Work request – Starting at the line that contains "Lam. \<forall>q\<in>Y \<times>", repeat each line exactly through the last line of the listing, and repeat nothing else.

Data supplied –
(* Assume the standing conventions of the context and suppose $\mathcal D_{Z,Z'}\neq\emptyset$. Let $\Lambda\in\overline{\mathcal S}_Z$ and $\Lambda'\in\overline{\mathcal S}_{Z'}$. (i) If $\Psi'$ is a consecutive pair in $Z'_{\mathrm I}$ with $(Z,\Lambda_{\Psi'})\in\mathcal D_{Z,Z'}$, then $(\Lambda,\Lambda')\in\overline{\mathcal B}^+_{Z,Z'}$ if and only if $(\Lambda,\Lambda'+\Lambda_{\Psi'})\in\overline{\mathcal B}^+_{Z,Z'}$. (ii) If $\Psi$ is a consecutive pair in $Z_{\mathrm I}$ with $(\Lambda_\Psi,Z')\in\mathcal D_{Z,Z'}$, then $(\Lambda,\Lambda')\in\overline{\mathcal B}^+_{Z,Z'}$ if and only if $(\Lambda+\Lambda_{\Psi},\Lambda')\in\overline{\mathcal B}^+_{Z,Z'}$.
   Context: A symbol is an array $\Lambda=\binom{a'_1,\ldots,a'_{m_1}}{b'_1,\ldots,b'_{m_2}}$ of two strictly decreasing finite sequences of nonnegative integers (top row, bottom row); its defect is $\mathrm{def}(\Lambda)=m_1-m_2$. Standing assumptions: $Z=\binom{a_1,\ldots,a_{m+1}}{b_1,\ldots,b_m}$ is a special symbol of defect $1$, i.e. $a_1\ge b_1\ge a_2\ge b_2\ge\cdots\ge b_m\ge a_{m+1}$; $Z'=\binom{c_1,\ldots,c_{m'}}{d_1,\ldots,d_{m'}}$ is a special symbol of defect $0$, i.e. $c_1\ge d_1\ge c_2\ge d_2\ge\cdots\ge c_{m'}\ge d_{m'}$; and $m'\in\{m,m+1\}$. For a symbol $Y$, $Y_{\mathrm I}$ is the set of entries of $Y$ occurring in exactly one row. For $M\subset Z_{\mathrm I}$, $\Lambda_M$ is the symbol obtained from $Z$ by moving every entry of $M$ to the other row (rows re-sorted decreasingly); for $N\subset Z'_{\mathrm I}$, $\Lambda_N$ is obtained from $Z'$ in the same way. $\overline{\mathcal S}_Z=\{\Lambda_M: M\subset Z_{\mathrm I}\}$, $\overline{\mathcal S}_{Z'}=\{\Lambda_N:N\subset Z'_{\mathrm I}\}$; $\mathcal S_{Z,1}$ (resp. $\mathcal S_{Z',0}$) is the set of elements of $\overline{\mathcal S}_Z$ of defect $1$ (resp. of $\overline{\mathcal S}_{Z'}$ of defect $0$). Sum: $\Lambda_{M_1}+\Lambda_{M_2}:=\Lambda_{(M_1\cup M_2)\smallsetminus(M_1\cap M_2)}$ (for subsets of $Z_{\mathrm I}$, and likewise of $Z'_{\mathrm I}$). A consecutive pair in $Z'_{\mathrm I}$ is a two-element subset $\{c_k,d_l\}\subset Z'_{\mathrm I}$, written $\binom{c_k}{d_l}$, with $l\in\{k-1,k\}$; a consecutive pair in $Z_{\mathrm I}$ is $\{a_k,b_l\}\subset Z_{\mathrm I}$, written $\binom{a_k}{b_l}$, with $l\in\{k-1,k\}$. Relation $\overline{\mathcal B}^+_{Z,Z'}\subset\overline{\mathcal S}_Z\times\overline{\mathcal S}_{Z'}$: for $\Lambda=\binom{a'_1,\ldots,a'_{m_1}}{b'_1,\ldots,b'_{m_2}}\in\overline{\mathcal S}_Z$ and $\Lambda'=\binom{c'_1,\ldots,c'_{m'_1}}{d'_1,\ldots,d'_{m'_2}}\in\overline{\mathcal S}_{Z'}$, $(\Lambda,\Lambda')\in\overline{\mathcal B}^+_{Z,Z'}$ iff $\mathrm{def}(\Lambda')=1-\mathrm{def}(\Lambda)$ and: if $m'=m$, $a'_i>d'_i\ge a'_{i+1}$ for $1\le i\le m'_2$ and $b'_{i-1}>c'_i\ge b'_i$ for $1\le i\le m'_1$; if $m'=m+1$, $a'_i\ge d'_i>a'_{i+1}$ for $1\le i\le m'_2$ and $b'_{i-1}\ge c'_i>b'_i$ for $1\le i\le m'_1$; here $b'_0=+\infty$ and nonexistent entries $a'_j,b'_j$ beyond the row lengths are $-\infty$. Then $\mathcal D_{Z,Z'}=\overline{\mathcal B}^+_{Z,Z'}\cap(\mathcal S_{Z,1}\times\mathcal S_{Z',0})$. *)

theory Defs
  imports Main "HOL-Library.Extended_Real"
begin

text \<open>A symbol is a pair (top row, bottom row) of strictly decreasing lists of
naturals. Indices are 0-based (entry a'_{i+1} of the paper is top ! i).\<close>

type_synonym symbol = "nat list \<times> nat list"
(* Let $\Omega\subset\{|z|>e^\gamma\}$ ($\gamma\in(0,1)$) be an unbounded simply connected domain and $\varphi:\mathcal H\to\Omega$ a conformal map with $|\varphi(\xi_n)|\to\infty$ whenever $|\xi_n|\to\infty$, such that for some $M$ we have $|\varphi(\xi)|\le M|\varphi(\xi')|$ for all $\xi,\xi'\in Q_T\setminus Q_{T/8}$ and all large $T$. Then the function $\beta_\infty:\mathbb R\to\mathbb R$, $\beta_\infty(t)=\limsup_{T\to+\infty}\beta_{\varphi_T}(1/T,t)$, is convex, with $\beta_\infty(0)=0$ and $\beta_\infty(2)\le1$.
   Context: $\mathcal H=\{\Re\xi>0\}$; $Q_T=\{0<\Re\xi<4T,\ |\Im\xi|<4T\}$; $\varphi_T(\xi)=\varphi(T\xi)/|\varphi(T)|$; $\beta_h(r,t)=\log\int_I|h'(r+iy)|^tdy/\log(1/r)$ with $I=[-2,-1]\cup[1,2]$. *)

theory Defs
  imports "HOL-Analysis.Analysis" "HOL-Library.Liminf_Limsup"
begin

definition halfplane :: "complex set" where
  "halfplane = {\<xi>. Re \<xi> > 0}"

definition QT :: "real \<Rightarrow> complex set" where
  "QT T = {\<xi>. 0 < Re \<xi> \<and> Re \<xi> < 4 * T \<and> \<bar>Im \<xi>\<bar> < 4 * T}"

definition phiT :: "(complex \<Rightarrow> complex) \<Rightarrow> real \<Rightarrow> complex \<Rightarrow> complex" where
  "phiT \<phi> T = (\<lambda>\<xi>. \<phi> (of_real T * \<xi>) / of_real (cmod (\<phi> (of_real T))))"

definition Iset :: "real set" where
  "Iset = {-2..-1} \<union> {1..2}"

definition beta :: "(complex \<Rightarrow> complex) \<Rightarrow> real \<Rightarrow> real \<Rightarrow> real" where
  "beta h r t = ln (integral Iset (\<lambda>y. cmod (deriv h (Complex r y)) powr t)) / ln (1 / r)"

definition beta_inf :: "(complex \<Rightarrow> complex) \<Rightarrow> real \<Rightarrow> ereal" where
  "beta_inf \<phi> t = Limsup at_top (\<lambda>T. ereal (beta (phiT \<phi> T) (1 / T) t))"

end

theory Submission
  imports Defs "HOL-Complex_Analysis.Complex_Analysis"
begin

text \<open>Write \<open>g\<^sub>T(y) = \<bar>\<phi>\<^sub>T'(1/T + iy)\<bar>\<close>, so that \<open>\<beta>\<^bsub>\<phi>\<^sub>T\<^esub>(1/T, t) = ln (\<integral>\<^sub>I g\<^sub>T\<^sup>t) / ln T\<close>.
  By Hoelder's inequality \<open>t \<mapsto> ln (\<integral>\<^sub>I g\<^sub>T\<^sup>t)\<close> is convex, and convexity passes to the limsup once the
  family is bounded. Boundedness, and \<open>\<beta>\<^sub>\<infinity>(0) = 0\<close>, follow from \<open>\<bar>ln g\<^sub>T\<bar> = O(ln T)\<close> on \<open>I\<close>: the doubling
  condition makes \<open>\<bar>\<phi>(1 + iTy)\<bar>\<close> comparable to the normalisation \<open>\<bar>\<phi>(T)\<bar>\<close>; Schottky's theorem bounds
  \<open>\<bar>\<phi>'\<bar>\<close> by \<open>\<bar>\<phi>\<bar>/Re\<close> from above, and a Schwarz lemma for \<open>\<phi>\<^sup>-\<^sup>1\<close> bounds \<open>\<bar>\<phi>'\<bar>\<close> from below by the
  distance from \<open>\<phi>\<close> to \<open>\<partial>\<Omega>\<close>, which, relative to \<open>\<bar>\<phi>\<bar>\<close>, decays at most polynomially along \<open>Re = 1\<close> by
  chaining Schottky's distortion estimate. Finally \<open>\<integral>\<^sub>I g\<^sub>T\<^sup>2 = O(T)\<close>, giving \<open>\<beta>\<^sub>\<infinity>(2) \<le> 1\<close>: images of
  disjoint discs under the univalent \<open>\<phi>\<close> contain disjoint discs of radius comparable to \<open>\<bar>\<phi>'\<bar>\<close>, all
  inside a disc of radius \<open>O(\<bar>\<phi>(T)\<bar>)\<close>, and comparing areas bounds Riemann sums of \<open>\<bar>\<phi>'\<bar>\<^sup>2\<close>.\<close>

text \<open>The bound of the library lemma \<open>Schottky\<close> for \<open>\<bar>g 0\<bar> \<le> 1\<close> on the closed unit disc, at radius \<open>2/3\<close>.\<close>
definition schottky_const :: real where
  "schottky_const = exp (pi * exp (pi * (2 + 2 * 1 + 12 * (2/3) / (1 - 2/3))))"
text \<open>Integration term by term is justified by the uniform convergence of the partial sums.\<close>
lemma fourier_coeff_trig_series:
  assumes e: "(\<lambda>n. norm (e n)) summable_on UNIV"
  shows "fourier_coeff (trig_series e) m = e m"
proof -
  define h where "h n x = e n * exp (\<i> * of_int (n - m) * of_real x)" for n x
  have h: "h n x = e n * exp (\<i> * of_int n * of_real x) * exp (- (\<i> * of_int m * of_real x))" for n x
    by (simp add: h_def algebra_simps flip: exp_add)
  have "uniform_limit {0..2*pi} (\<lambda>X x. \<Sum>n\<in>X. h n x)
      (\<lambda>x. trig_series e x * exp (- (\<i> * of_int m * of_real x))) (finite_subsets_at_top UNIV)"
  proof (rule Weierstrass_m_test_general'[where M="\<lambda>n. norm (e n)"])
    show "norm (h n x) \<le> norm (e n)" for n x
      by (simp add: h_def norm_mult)
    show "((\<lambda>n. h n x) has_sum trig_series e x * exp (- (\<i> * of_int m * of_real x))) UNIV" for x
      unfolding h by (rule has_sum_cmult_left[OF has_sum_trig_series[OF e]])
  qed (use e in auto)
  then obtain I J where I: "\<And>X. ((\<lambda>x. \<Sum>n\<in>X. h n x) has_integral I X) {0..2*pi}"
    and J: "((\<lambda>x. trig_series e x * exp (- (\<i> * of_int m * of_real x))) has_integral J) {0..2*pi}"
    and lim: "(I \<longlongrightarrow> J) (finite_subsets_at_top UNIV)"
    by (rule uniform_limit_integral) (auto simp: h_def intro!: continuous_intros)
  have "I X = of_real (2*pi) * e m" if "finite X" "m \<in> X" for X
  proof -
    have "((\<lambda>x. \<Sum>n\<in>X. h n x) has_integral
        (\<Sum>n\<in>X. e n * (if n - m = 0 then of_real (2*pi) else 0))) {0..2*pi}"
      unfolding h_def by (intro has_integral_sum that(1) has_integral_mult_right has_integral_exp_i_int_times)
    also have "(\<Sum>n\<in>X. e n * (if n - m = 0 then of_real (2*pi) else 0)) = of_real (2*pi) * e m"
      using that by (simp add: if_distrib sum.delta' cong: if_cong)
    finally show ?thesis
      using I[of X] by (rule has_integral_unique[symmetric])
  qed
  then have "eventually (\<lambda>X. I X = of_real (2*pi) * e m) (finite_subsets_at_top UNIV)"
    unfolding eventually_finite_subsets_at_top by (intro exI[of _ "{m}"]) auto
  then have "(I \<longlongrightarrow> of_real (2*pi) * e m) (finite_subsets_at_top UNIV)"
    by (rule tendsto_eventually)
  then have "J = of_real (2*pi) * e m"
    using lim tendsto_unique by (metis finite_subsets_at_top_neq_bot)
  then show ?thesis
    using J by (simp add: fourier_coeff_def integral_unique)
qed
lemma lipschitz_on_gradp_Q_w:
  assumes "p \<in> Y \<times> Lam"
  shows "(Lf + rho * Lg + tau)-lipschitz_on W (\<lambda>w. gradp_Q w p)"
proof -
  have "Lf-lipschitz_on W
      (\<lambda>w. (snd (fst (grad F ((fst w, fst p), snd p))), snd (grad F ((fst w, fst p), snd p))))"
    by (rule nonexpansive_comp_lipschitz_on[OF lipschitz_on_grad_F_w[OF assms],
          where \<psi> = "\<lambda>r. (snd (fst r), snd r)"]) (simp add: dist_prod_def real_sqrt_le_mono)
  moreover have "Lg-lipschitz_on W (\<lambda>w. (0::'y, snd (grad g (fst (snd w), snd p))))"
    by (rule nonexpansive_comp_lipschitz_on[OF lipschitz_on_grad_g_w[OF assms],
          where \<psi> = "\<lambda>r. (0, snd r)"]) (simp add: dist_prod_def)
  then have "(rho * Lg)-lipschitz_on W (\<lambda>w. rho *\<^sub>R (0::'y, snd (grad g (fst (snd w), snd p))))"
    by (rule lipschitz_on_cmult_nonneg[OF _ rho])
  ultimately have "(Lf + 0 + rho * Lg + tau)-lipschitz_on W (\<lambda>w. gradp_Q w p)"
    unfolding gradp_Q_def gradp_P_def
    by (intro lipschitz_on_add lipschitz_on_diff lipschitz_on_constant lipschitz_on_prox_term_w)
  then show ?thesis
    by simp
qed

lemma lipschitz_on_gradw_Q_w:
  assumes "p \<in> Y \<times> Lam"
  shows "(Lf + rho * Lg + tau)-lipschitz_on W (\<lambda>w. gradw_Q w p)"
proof -
  have "Lf-lipschitz_on W (\<lambda>w. fst (fst (grad F ((fst w, fst p), snd p))))"
    by (rule nonexpansive_comp_lipschitz_on[OF lipschitz_on_grad_F_w[OF assms] dist_fst_fst_le])
  moreover have "(rho * Lg)-lipschitz_on W (\<lambda>w. rho *\<^sub>R fst (grad g (fst (snd w), snd p)))"
    by (intro lipschitz_on_cmult_nonneg[OF _ rho]
        nonexpansive_comp_lipschitz_on[OF lipschitz_on_grad_g_w[OF assms] dist_fst_le])
  ultimately show ?thesis
    unfolding gradw_Q_def add.assoc
    by (intro lipschitz_on_Pair_add lipschitz_on_prox_term_w)
qed

lemma lipschitz_on_gradw_Q_p:
  assumes "w \<in> W"
  shows "(Lf + rho * Lg + tau)-lipschitz_on (Y \<times> Lam) (gradw_Q w)"
proof -
  have "Lf-lipschitz_on (Y \<times> Lam) (\<lambda>p. fst (fst (grad F ((fst w, fst p), snd p))))"
    using assms by (intro nonexpansive_comp_lipschitz_on[OF lipschitz_on_grad_F_p dist_fst_fst_le]) auto
  moreover have "(rho * Lg)-lipschitz_on (Y \<times> Lam) (\<lambda>p. rho *\<^sub>R fst (grad g (fst (snd w), snd p)))"
    using assms by (intro lipschitz_on_cmult_nonneg[OF _ rho]
        nonexpansive_comp_lipschitz_on[OF lipschitz_on_grad_g_p dist_fst_le]) auto
  ultimately show ?thesis
    unfolding gradw_Q_def add.assoc
    using tau_pos by (intro lipschitz_on_Pair_add lipschitz_on_scaleR_shift) auto
qed

definition maximizer :: "'x \<times> 'y \<times> 'y \<times> 'l \<Rightarrow> 'y \<times> 'l" where
  "maximizer w = (SOME p. p \<in> Y \<times> Lam \<and> (\<forall>q\<in>Y \<times> Lam. Q w q \<le> Q w p))"

lemma
  shows maximizer_mem: "maximizer w \<in> Y \<times> Lam"
    and maximizer_max: "q \<in> Y \<times> Lam \<Longrightarrow> Q w q \<le> Q w (maximizer w)"
proof -
  have "continuous_on (Y \<times> Lam) (Q w)"
    using has_derivative_Q_p by (meson has_derivative_at_withinI has_derivative_continuous_on)
  then have "\<exists>p\<in>Y \<times> Lam. \<forall>q\<in>Y \<times> Lam. Q w q \<le> Q w p"
    using continuous_attains_sup[of "Y \<times> Lam" "Q w"] Y Lam by (simp add: compact_Times)
  then have "maximizer w \<in> Y \<times> Lam \<and> (\<forall>q\<in>Y \<times> Lam. Q w q \<le> Q w (maximizer w))"
    unfolding maximizer_def by (rule someI2_bex) auto
  then show "maximizer w \<in> Y \<times> Lam" "q \<in> Y \<times> Lam \<Longrightarrow> Q w q \<le> Q w (maximizer w)"
    by auto
qed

Result –
  then have "\<exists>p\<in>Y \<times> Lam. \<forall>q\<in>Y \<times> Lam. Q w q \<le> Q w p"
    using continuous_attains_sup[of "Y \<times> Lam" "Q w"] Y Lam by (simp add: compact_Times)
  then have "maximizer w \<in> Y \<times> Lam \<and> (\<forall>q\<in>Y \<times> Lam. Q w q \<le> Q w (maximizer w))"
    unfolding maximizer_def by (rule someI2_bex) auto
  then show "maximizer w \<in> Y \<times> Lam" "q \<in> Y \<times> Lam \<Longrightarrow> Q w q \<le> Q w (maximizer w)"
    by auto
qed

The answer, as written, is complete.